Время от времени переживать счастливый миг, когда сознаешь, что сейчас тебе не нужно делать ничего, ну как есть ничего, абсолютно ничего мало-мальски важного.
Мы желаем вам приключений, которые вознесут вас до луны и приведут на берега всех морей, и еще мы желаем вам такой работы, о которой вы никогда не сможете толком сказать, на какую лучшую вы были бы готовы ее променять.
И еще мы желаем вам завершить свои школьные дни так, чтобы разлука со школой не казалась вам избавлением.
Вам, мальчикам, мы желаем славных девушек (множественное число), а вам, девушки, славных мальчиков (множественное число), хотя с этим можно пока и не торопиться.

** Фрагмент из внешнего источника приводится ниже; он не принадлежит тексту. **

lemma AE_eventually_hausdorff_dist_le:
  fixes X :: "nat \<Rightarrow> 's \<Rightarrow> 'a::euclidean_space"
  assumes "prob_space M"
    and X_meas: "\<And>i. i \<ge> 1 \<Longrightarrow> X i \<in> borel_measurable M"
    and SR: "S \<subseteq> cball 0 R" and "0 \<le> R"
    and in_S: "AE \<omega> in M. \<forall>i\<ge>1. X i \<omega> \<in> S"
    and radii: "\<And>n. n \<ge> N \<Longrightarrow> 0 < \<rho> n \<and> \<rho> n \<le> 2 \<and> 0 \<le> r n \<and> 0 \<le> p n"
    and miss: "\<And>n z. n \<ge> N \<Longrightarrow> z \<in> S \<Longrightarrow>
      measure M {\<omega>\<in>space M. \<forall>i\<in>{1..n}. X i \<omega> \<notin> ball z (r n)} \<le> p n"
    and summable: "summable (\<lambda>n. (2 * (R + 1) / \<rho> n) ^ DIM('a) * p n)"
  shows "AE \<omega> in M. eventually (\<lambda>n. hausdorff_dist ((\<lambda>i. X i \<omega>) ` {1..n}) S \<le> r n + \<rho> n) sequentially"
proof -
  have "\<exists>C. n \<ge> N \<longrightarrow> finite C \<and> C \<subseteq> S \<and> S \<subseteq> (\<Union>c\<in>C. ball c (\<rho> n)) \<and>
      real (card C) \<le> (2 * (R + 1) / \<rho> n) ^ DIM('a)" for n
    using finite_net_card_bound[OF SR \<open>0 \<le> R\<close>, of "\<rho> n"] radii[of n] by metis
  then obtain C where C: "\<And>n. n \<ge> N \<Longrightarrow> finite (C n) \<and> C n \<subseteq> S \<and> S \<subseteq> (\<Union>c\<in>C n. ball c (\<rho> n)) \<and>
      real (card (C n)) \<le> (2 * (R + 1) / \<rho> n) ^ DIM('a)"
    by metis
  have "AE \<omega> in M. eventually (\<lambda>n. \<forall>z\<in>C n.
      \<omega> \<notin> {\<omega>\<in>space M. \<forall>i\<in>{1..n}. X i \<omega> \<notin> ball z (r n)}) sequentially"
  proof (rule AE_eventually_avoids_finite_families[OF \<open>prob_space M\<close> _ _ _ _ summable])
    fix n assume "n \<ge> N"
    then show "real (card (C n)) * p n \<le> (2 * (R + 1) / \<rho> n) ^ DIM('a) * p n"
      using C radii by (intro mult_right_mono) auto
  next
    fix n z assume "n \<ge> N" "z \<in> C n"
    then show "measure M {\<omega>\<in>space M. \<forall>i\<in>{1..n}. X i \<omega> \<notin> ball z (r n)} \<le> p n"
      using miss C by blast
  qed (use C X_meas in \<open>auto intro!: sets_sample_avoids\<close>)
  with in_S AE_space show ?thesis
  proof eventually_elim
    case (elim \<omega>)
    show ?case
      using elim(3) eventually_ge_at_top[of "max N 1"]
    proof eventually_elim
      case (elim n)
      then have "n \<ge> N" "n \<ge> 1" by auto
      have "\<exists>a\<in>(\<lambda>i. X i \<omega>) ` {1..n}. dist z a < r n" if "z \<in> C n" for z
        using elim(1) that \<open>n \<ge> 1\<close> \<open>\<omega> \<in> space M\<close> by auto
      then show ?case
        using C[OF \<open>n \<ge> N\<close>] radii[OF \<open>n \<ge> N\<close>] \<open>\<forall>i\<ge>1. X i \<omega> \<in> S\<close> \<open>n \<ge> 1\<close>
        by (intro hausdorff_dist_le_net) auto
    qed
  qed
qed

Мы желаем вам обзавестись тончайшим слухом, чтобы воспринимать тончайшие шепоты мира, – и вдобавок крепчайшими нервами, потому что порой наша земля издает рык и рев.
Мы не желаем вам тишины, которая возникает, когда двое должны поговорить друг с другом и внезапно умолкают – по злобе или со стыда, по лени, из трусости либо сдуру.
Еще мы желаем вам смелости, чтобы говорить всю правду друзьям, и смелости, чтобы говорить всю правду врагам, но если понадобится – чтоб не проронить ни слова.